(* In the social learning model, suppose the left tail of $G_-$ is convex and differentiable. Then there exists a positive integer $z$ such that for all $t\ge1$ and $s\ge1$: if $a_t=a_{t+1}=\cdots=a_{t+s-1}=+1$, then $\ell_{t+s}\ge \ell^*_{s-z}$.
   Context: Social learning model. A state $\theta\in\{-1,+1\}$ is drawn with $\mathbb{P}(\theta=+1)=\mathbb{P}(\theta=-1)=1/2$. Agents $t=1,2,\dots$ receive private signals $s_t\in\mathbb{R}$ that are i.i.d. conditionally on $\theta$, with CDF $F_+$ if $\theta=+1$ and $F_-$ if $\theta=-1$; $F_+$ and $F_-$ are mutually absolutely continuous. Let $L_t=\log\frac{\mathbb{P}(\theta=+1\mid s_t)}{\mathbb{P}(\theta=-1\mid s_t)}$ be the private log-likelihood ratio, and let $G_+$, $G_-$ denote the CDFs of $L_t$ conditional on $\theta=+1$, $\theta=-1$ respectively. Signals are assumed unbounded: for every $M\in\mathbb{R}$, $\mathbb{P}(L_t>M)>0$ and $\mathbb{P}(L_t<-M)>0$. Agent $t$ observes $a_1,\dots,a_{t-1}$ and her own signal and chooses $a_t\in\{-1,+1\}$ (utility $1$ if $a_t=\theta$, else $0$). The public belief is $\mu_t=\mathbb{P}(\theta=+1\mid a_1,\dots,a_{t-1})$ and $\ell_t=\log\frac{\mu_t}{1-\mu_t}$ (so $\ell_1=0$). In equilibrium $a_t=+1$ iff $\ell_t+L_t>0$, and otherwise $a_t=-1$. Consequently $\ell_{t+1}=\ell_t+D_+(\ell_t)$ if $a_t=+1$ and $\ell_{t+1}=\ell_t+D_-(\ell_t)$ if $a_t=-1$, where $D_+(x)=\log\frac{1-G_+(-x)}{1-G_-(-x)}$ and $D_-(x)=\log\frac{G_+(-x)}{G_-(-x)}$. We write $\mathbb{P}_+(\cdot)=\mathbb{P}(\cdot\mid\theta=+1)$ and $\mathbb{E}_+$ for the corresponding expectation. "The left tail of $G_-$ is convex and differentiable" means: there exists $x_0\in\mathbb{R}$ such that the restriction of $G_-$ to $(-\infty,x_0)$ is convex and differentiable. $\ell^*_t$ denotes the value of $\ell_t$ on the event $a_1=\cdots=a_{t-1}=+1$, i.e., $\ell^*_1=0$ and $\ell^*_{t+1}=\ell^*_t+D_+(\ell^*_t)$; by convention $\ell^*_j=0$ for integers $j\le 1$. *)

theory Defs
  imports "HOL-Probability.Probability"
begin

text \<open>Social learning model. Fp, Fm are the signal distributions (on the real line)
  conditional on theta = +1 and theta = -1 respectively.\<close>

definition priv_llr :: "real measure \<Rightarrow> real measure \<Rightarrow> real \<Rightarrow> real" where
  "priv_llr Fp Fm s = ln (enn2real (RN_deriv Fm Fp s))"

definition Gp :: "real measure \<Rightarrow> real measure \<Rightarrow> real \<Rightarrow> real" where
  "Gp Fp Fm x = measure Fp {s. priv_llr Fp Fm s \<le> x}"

_ _ _ _ _

Goal of the exercise:
Nothing in the entries should be left out; please reproduce them all exactly.

Reply:
(* In the social learning model, suppose the left tail of $G_-$ is convex and differentiable. Then there exists a positive integer $z$ such that for all $t\ge1$ and $s\ge1$: if $a_t=a_{t+1}=\cdots=a_{t+s-1}=+1$, then $\ell_{t+s}\ge \ell^*_{s-z}$.
   Context: Social learning model. A state $\theta\in\{-1,+1\}$ is drawn with $\mathbb{P}(\theta=+1)=\mathbb{P}(\theta=-1)=1/2$. Agents $t=1,2,\dots$ receive private signals $s_t\in\mathbb{R}$ that are i.i.d. conditionally on $\theta$, with CDF $F_+$ if $\theta=+1$ and $F_-$ if $\theta=-1$; $F_+$ and $F_-$ are mutually absolutely continuous. Let $L_t=\log\frac{\mathbb{P}(\theta=+1\mid s_t)}{\mathbb{P}(\theta=-1\mid s_t)}$ be the private log-likelihood ratio, and let $G_+$, $G_-$ denote the CDFs of $L_t$ conditional on $\theta=+1$, $\theta=-1$ respectively. Signals are assumed unbounded: for every $M\in\mathbb{R}$, $\mathbb{P}(L_t>M)>0$ and $\mathbb{P}(L_t<-M)>0$. Agent $t$ observes $a_1,\dots,a_{t-1}$ and her own signal and chooses $a_t\in\{-1,+1\}$ (utility $1$ if $a_t=\theta$, else $0$). The public belief is $\mu_t=\mathbb{P}(\theta=+1\mid a_1,\dots,a_{t-1})$ and $\ell_t=\log\frac{\mu_t}{1-\mu_t}$ (so $\ell_1=0$). In equilibrium $a_t=+1$ iff $\ell_t+L_t>0$, and otherwise $a_t=-1$. Consequently $\ell_{t+1}=\ell_t+D_+(\ell_t)$ if $a_t=+1$ and $\ell_{t+1}=\ell_t+D_-(\ell_t)$ if $a_t=-1$, where $D_+(x)=\log\frac{1-G_+(-x)}{1-G_-(-x)}$ and $D_-(x)=\log\frac{G_+(-x)}{G_-(-x)}$. We write $\mathbb{P}_+(\cdot)=\mathbb{P}(\cdot\mid\theta=+1)$ and $\mathbb{E}_+$ for the corresponding expectation. "The left tail of $G_-$ is convex and differentiable" means: there exists $x_0\in\mathbb{R}$ such that the restriction of $G_-$ to $(-\infty,x_0)$ is convex and differentiable. $\ell^*_t$ denotes the value of $\ell_t$ on the event $a_1=\cdots=a_{t-1}=+1$, i.e., $\ell^*_1=0$ and $\ell^*_{t+1}=\ell^*_t+D_+(\ell^*_t)$; by convention $\ell^*_j=0$ for integers $j\le 1$. *)

theory Defs
  imports "HOL-Probability.Probability"
begin

text \<open>Social learning model. Fp, Fm are the signal distributions (on the real line)
  conditional on theta = +1 and theta = -1 respectively.\<close>

definition priv_llr :: "real measure \<Rightarrow> real measure \<Rightarrow> real \<Rightarrow> real" where
  "priv_llr Fp Fm s = ln (enn2real (RN_deriv Fm Fp s))"

definition Gp :: "real measure \<Rightarrow> real measure \<Rightarrow> real \<Rightarrow> real" where
  "Gp Fp Fm x = measure Fp {s. priv_llr Fp Fm s \<le> x}"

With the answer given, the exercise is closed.